## Activity
Keep every line of the data below that has the string "rule" and present those lines.

## Records excerpted from a collection
»»

(* Let $T:I\to I$, $I=[0,1]$, be a non-singular map whose Perron–Frobenius operator $P$ satisfies: there exist $\alpha_0\in(0,1)$ and $B_0\ge0$ with $VPf\le\alpha_0Vf+B_0\|f\|_1$ for all $f\in BV(I)$. Let $\Gamma=\max\{\alpha_0+1,B_0\}$, let $\eta$ be a finite partition of $I$ into intervals, $\varepsilon=\mathrm{mesh}(\eta)$, and $P_\eta=\Pi_\eta\circ P\circ\Pi_\eta$. Then (1) $|||P_\eta-P|||\le\Gamma\varepsilon$; (2) if $H\subset I$ is an open interval with $\lambda(H)\le\Gamma\varepsilon$, then $|||P_\eta-P_H|||\le 2\Gamma\varepsilon$.
   Context: $\lambda$ is Lebesgue measure on $I$. For $f\in L^1(I,\lambda)$, $Vf=\inf\{\mathrm{var}\,\bar f:\bar f=f\text{ a.e.}\}$; $BV(I)=\{f: Vf<\infty\}$ with norm $\|f\|_{BV}=Vf+\|f\|_1$. The Perron–Frobenius operator is defined by $\int_APf\,d\lambda=\int_{T^{-1}A}f\,d\lambda$. $\mathrm{mesh}(\eta)$ is the maximal length of an interval of $\eta$; $\Pi_\eta f(x)=\frac1{\lambda(J)}\int_Jf\,d\lambda$ for $x\in J\in\eta$. For an open interval $H$, $X_0=I\setminus H$ and $P_Hf=P(f\chi_{X_0})$ is the Perron–Frobenius operator of the map with hole $T|_{X_0}$. For an operator $Q$ on $BV(I)$, the mixed norm is $|||Q|||=\sup_{\|f\|_{BV}\le1}\|Qf\|_1$. *)

theory Defs
  imports "HOL-Analysis.Analysis"
begin

abbreviation unitI :: "real set" where "unitI \<equiv> {0..1}"

abbreviation lamI :: "real measure" where "lamI \<equiv> lebesgue_on {0..1}"

definition var01 :: "(real \<Rightarrow> real) \<Rightarrow> ennreal" where
  "var01 g = (SUP xs \<in> {xs. sorted xs \<and> set xs \<subseteq> {0..1}}.
      ennreal (\<Sum>i < length xs - 1. \<bar>g (xs ! Suc i) - g (xs ! i)\<bar>))"

definition Vvar :: "(real \<Rightarrow> real) \<Rightarrow> ennreal" where
  "Vvar f = (INF g \<in> {g. AE x in lamI. g x = f x}. var01 g)"

definition L1norm :: "(real \<Rightarrow> real) \<Rightarrow> ennreal" where
  "L1norm f = (\<integral>\<^sup>+ x. ennreal \<bar>f x\<bar> \<partial>lamI)"

definition BV01 :: "(real \<Rightarrow> real) set" where
  "BV01 = {f. integrable lamI f \<and> Vvar f < \<infinity>}"

definition BVnorm :: "(real \<Rightarrow> real) \<Rightarrow> ennreal" where
  "BVnorm f = Vvar f + L1norm f"

definition mixnorm :: "((real \<Rightarrow> real) \<Rightarrow> (real \<Rightarrow> real)) \<Rightarrow> ennreal" where
  "mixnorm Q = (SUP f \<in> {f \<in> BV01. BVnorm f \<le> 1}. L1norm (Q f))"

definition nonsingular01 :: "(real \<Rightarrow> real) \<Rightarrow> bool" where
  "nonsingular01 T \<longleftrightarrow> (\<forall>x\<in>{0..1}. T x \<in> {0..1}) \<and> T \<in> borel_measurable lamI \<and>
     (\<forall>A. A \<in> null_sets lamI \<longrightarrow> T -` A \<inter> {0..1} \<in> null_sets lamI)"

definition is_PF :: "(real \<Rightarrow> real) \<Rightarrow> ((real \<Rightarrow> real) \<Rightarrow> (real \<Rightarrow> real)) \<Rightarrow> bool" where
  "is_PF T P \<longleftrightarrow> (\<forall>f. integrable lamI f \<longrightarrow> integrable lamI (P f) \<and>
     (\<forall>A \<in> sets lamI. (LINT x:A|lamI. P f x) = (LINT x:(T -` A \<inter> {0..1})|lamI. f x)))"

definition interval_partition01 :: "real set set \<Rightarrow> bool" where
  "interval_partition01 \<eta> \<longleftrightarrow> finite \<eta> \<and> disjoint \<eta> \<and> \<Union>\<eta> = {0..1} \<and>
     (\<forall>J\<in>\<eta>. is_interval J \<and> J \<noteq> {})"

definition mesh :: "real set set \<Rightarrow> real" where
  "mesh \<eta> = Max ((\<lambda>J. measure lborel J) ` \<eta>)"

definition Pi_eta :: "real set set \<Rightarrow> (real \<Rightarrow> real) \<Rightarrow> (real \<Rightarrow> real)" where
  "Pi_eta \<eta> f x = (\<Sum>J\<in>\<eta>. indicator J x * ((LINT y:J|lebesgue. f y) / measure lebesgue J))"

definition P_hole :: "((real \<Rightarrow> real) \<Rightarrow> (real \<Rightarrow> real)) \<Rightarrow> real set \<Rightarrow> (real \<Rightarrow> real) \<Rightarrow> (real \<Rightarrow> real)" where
  "P_hole P H f = P (\<lambda>x. f x * indicator ({0..1} - H) x)"

end

theory Submission
  imports Defs
begin

text \<open>
  Write \<open>P\<^sub>\<eta> - P = \<Pi>\<^sub>\<eta> P (\<Pi>\<^sub>\<eta> - id) + (\<Pi>\<^sub>\<eta> - id) P\<close>. Both \<open>\<Pi>\<^sub>\<eta>\<close> and \<open>P\<close> contract
  \<open>L\<^sup>1\<close>, and on a cell \<open>J\<close> of \<open>\<eta>\<close> the averaging error \<open>\<integral>\<^sub>J |\<Pi>\<^sub>\<eta> h - h|\<close> is at most
  \<open>\<lambda>(J)\<close> times the variation of \<open>h\<close> on \<open>J\<close>. Variations over disjoint intervals add up to at
  most the total variation, so \<open>\<parallel>\<Pi>\<^sub>\<eta> h - h\<parallel>\<^sub>1 \<le> \<epsilon> V h\<close> and
  \<open>\<parallel>(P\<^sub>\<eta> - P) f\<parallel>\<^sub>1 \<le> \<epsilon> (V f + V (P f)) \<le> \<Gamma> \<epsilon> \<parallel>f\<parallel>\<^sub>B\<^sub>V\<close> by the Lasota--Yorke inequality.
  For the hole, \<open>\<parallel>P f - P\<^sub>H f\<parallel>\<^sub>1 \<le> \<parallel>f \<chi>\<^sub>H\<parallel>\<^sub>1 \<le> \<lambda>(H) sup |f|\<close>, and every version of \<open>f\<close>
  satisfies \<open>|f| \<le> \<parallel>f\<parallel>\<^sub>1 + var f\<close> pointwise on \<open>[0,1]\<close>.
\<close>

section \<open>Variation on subintervals\<close>

fun list_variation :: "(real \<Rightarrow> real) \<Rightarrow> real list \<Rightarrow> real" where
  "list_variation g [] = 0"
| "list_variation g [x] = 0"
| "list_variation g (x # y # zs) = \<bar>g y - g x\<bar> + list_variation g (y # zs)"

lemma list_variation_eq_sum:
  "list_variation g xs = (\<Sum>i < length xs - 1. \<bar>g (xs ! Suc i) - g (xs ! i)\<bar>)"
proof (induction g xs rule: list_variation.induct)
  case (3 g x y zs)
  have "length (x # y # zs) - 1 = Suc (length (y # zs) - 1)" by simp
  then show ?case using 3 by (simp only: sum.lessThan_Suc_shift) simp
qed auto

lemma list_variation_nonneg: "0 \<le> list_variation g xs"
  by (induction g xs rule: list_variation.induct) auto

lemma list_variation_append_ge:
  "list_variation g xs + list_variation g ys \<le> list_variation g (xs @ ys)"
proof (induction g xs rule: list_variation.induct)
  case (2 g x)
  then show ?case by (cases ys) (auto simp: list_variation_nonneg)
qed auto

definition variation_on :: "(real \<Rightarrow> real) \<Rightarrow> real \<Rightarrow> real \<Rightarrow> ennreal" where
  "variation_on g a b =
     (SUP xs \<in> {xs. sorted xs \<and> set xs \<subseteq> {a..b}}. ennreal (list_variation g xs))"

lemma var01_eq_variation_on: "var01 g = variation_on g 0 1"
  unfolding var01_def variation_on_def list_variation_eq_sum ..

lemma variation_on_upper:
  "sorted xs \<Longrightarrow> set xs \<subseteq> {a..b} \<Longrightarrow> ennreal (list_variation g xs) \<le> variation_on g a b"
  unfolding variation_on_def by (rule SUP_upper) auto

lemma variation_on_mono: "a \<le> a' \<Longrightarrow> b' \<le> b \<Longrightarrow> variation_on g a' b' \<le> variation_on g a b"
  unfolding variation_on_def by (rule SUP_subset_mono) auto

lemma abs_diff_le_variation_on:
  assumes "x \<in> {a..b}" "y \<in> {a..b}"
  shows "ennreal \<bar>g x - g y\<bar> \<le> variation_on g a b"
proof -
  have "list_variation g [min x y, max x y] = \<bar>g x - g y\<bar>"
    by (auto simp: min_def max_def)
  moreover have "ennreal (list_variation g [min x y, max x y]) \<le> variation_on g a b"
    using assms by (intro variation_on_upper) (auto simp: min_def max_def)
  ultimately show ?thesis by simp
qed

lemma variation_on_add_le:
  assumes "m \<in> {a..c}"
  shows "variation_on g a m + variation_on g m c \<le> variation_on g a c"
proof -
  let ?L = "\<lambda>S. {xs. sorted xs \<and> set xs \<subseteq> S}"
  have concat: "ennreal (list_variation g xs) + ennreal (list_variation g ys) \<le> variation_on g a c"
    if "xs \<in> ?L {a..m}" "ys \<in> ?L {m..c}" for xs ys
  proof -
    have "ennreal (list_variation g xs) + ennreal (list_variation g ys)
        \<le> ennreal (list_variation g (xs @ ys))"
      by (simp add: list_variation_nonneg list_variation_append_ge flip: ennreal_plus)
    also have "\<dots> \<le> variation_on g a c"
      using that assms by (intro variation_on_upper) (fastforce simp: sorted_append subset_iff)+
    finally show ?thesis .
  qed
  have nonempty: "?L S \<noteq> {}" for S
    by (metis (mono_tags, lifting) empty_iff empty_set empty_subsetI mem_Collect_eq sorted0)
  have "variation_on g a m + variation_on g m c
      = (SUP xs \<in> ?L {a..m}. ennreal (list_variation g xs) + variation_on g m c)"
    unfolding variation_on_def[of g a m] by (rule ennreal_SUP_add_left[OF nonempty, symmetric])
  also have "\<dots> = (SUP xs \<in> ?L {a..m}. SUP ys \<in> ?L {m..c}.
                     ennreal (list_variation g xs) + ennreal (list_variation g ys))"
    unfolding variation_on_def by (simp add: ennreal_SUP_add_right[OF nonempty])
  also have "\<dots> \<le> variation_on g a c"
    by (intro SUP_least concat)
  finally show ?thesis .
qed

lemma disjoint_intervals_less:
  fixes J K :: "real set"
  assumes "is_interval J" "is_interval K" "J \<inter> K = {}"
    and "x \<in> J" "y \<in> K" "x < y" "z \<in> J" "w \<in> K"
  shows "z < w"
proof (rule ccontr)
  assume "\<not> z < w"
  then have "w \<le> z" by simp
  show False
  proof (cases "w \<le> x")
    case True
    then have "x \<in> K" using assms(2,5,6,8) unfolding is_interval_1 by fastforce
    then show False using assms(3,4) by blast
  next
    case False
    then have "w \<in> J" using assms(1,4,7) \<open>w \<le> z\<close> unfolding is_interval_1 by fastforce
    then show False using assms(3,8) by blast
  qed
qed

lemma disjoint_interval_le_Inf:
  fixes J K :: "real set"
  assumes "is_interval J" "is_interval K" "J \<inter> K = {}"
    and "x \<in> J" "y \<in> K" "x \<le> y" "bdd_below K" "z \<in> J"
  shows "z \<le> Inf K"
proof -
  have "x < y" using assms(3-6) by (metis disjoint_iff order_le_less)
  then have "z < w" if "w \<in> K" for w
    using disjoint_intervals_less[OF assms(1-5) _ assms(8) that] by simp
  then show ?thesis using assms(5,7) by (intro cInf_greatest) (auto intro: less_imp_le)
qed

lemma sum_variation_on_intervals_le:
  fixes F :: "real set set"
  assumes "finite F" "disjoint F" "\<forall>J\<in>F. is_interval J \<and> J \<noteq> {} \<and> J \<subseteq> {a..c}"
  shows "(\<Sum>J\<in>F. variation_on g (Inf J) (Sup J)) \<le> variation_on g a c"
proof -
  \<comment> \<open>Ranking by \<open>Inf J\<close> would not do: disjoint intervals such as \<open>{0}\<close> and \<open>{0<..1}\<close> share it.\<close>
  define p where "p J = (SOME x. x \<in> J)" for J :: "real set"
  have p: "J \<noteq> {} \<Longrightarrow> p J \<in> J" for J unfolding p_def by (simp add: some_in_eq)
  from assms show ?thesis
  proof (induction F arbitrary: c rule: finite_ranking_induct[where f = p])
    case (insert K S)
    show ?case
    proof (cases "K \<in> S")
      case True
      then show ?thesis using insert.IH insert.prems by (simp add: insert_absorb)
    next
      case K_new: False
      have K: "is_interval K" "K \<noteq> {}" "K \<subseteq> {a..c}" using insert.prems by auto
      have bdd: "bdd_below K" "bdd_above K"
        using K(3) by (meson bdd_above_Icc bdd_below_Icc bdd_above_mono bdd_below_mono)+
      have a_le: "a \<le> Inf K" using K by (intro cInf_greatest) auto
      have le_c: "Inf K \<le> c" "Sup K \<le> c"
        using K bdd p[of K] by (auto intro!: cInf_lower2[of "p K"] cSup_least)
      have S_left: "\<forall>J\<in>S. is_interval J \<and> J \<noteq> {} \<and> J \<subseteq> {a..Inf K}"
      proof
        fix J assume J: "J \<in> S"
        have J_props: "is_interval J" "J \<noteq> {}" "J \<subseteq> {a..c}" using insert.prems J by auto
        have "J \<inter> K = {}"
          using insert.prems(1) J K_new unfolding disjoint_def by (metis insertCI)
        then have "z \<le> Inf K" if "z \<in> J" for z
          using disjoint_interval_le_Inf[OF J_props(1) K(1) _ p[OF J_props(2)] p[OF K(2)]
              insert.hyps(2)[OF J] bdd(1) that] by simp
        then show "is_interval J \<and> J \<noteq> {} \<and> J \<subseteq> {a..Inf K}" using J_props by auto
      qed
      have "(\<Sum>J\<in>insert K S. variation_on g (Inf J) (Sup J))
          = variation_on g (Inf K) (Sup K) + (\<Sum>J\<in>S. variation_on g (Inf J) (Sup J))"
        using insert.hyps(1) K_new by simp
      also have "\<dots> \<le> variation_on g (Inf K) c + variation_on g a (Inf K)"
        using insert.IH S_left insert.prems(1) unfolding disjoint_def
        by (intro add_mono variation_on_mono le_c) auto
      also have "\<dots> \<le> variation_on g a c"
        using variation_on_add_le[of "Inf K" a c g] a_le le_c by (simp add: add.commute)
      finally show ?thesis .
    qed
  qed simp
qed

««

## Answer to this problem
proof (induction g xs rule: list_variation.induct)
  by (induction g xs rule: list_variation.induct) auto
proof (induction g xs rule: list_variation.induct)
  unfolding variation_on_def by (rule SUP_upper) auto
  unfolding variation_on_def by (rule SUP_subset_mono) auto
    unfolding variation_on_def[of g a m] by (rule ennreal_SUP_add_left[OF nonempty, symmetric])
proof (rule ccontr)
  proof (induction F arbitrary: c rule: finite_ranking_induct[where f = p])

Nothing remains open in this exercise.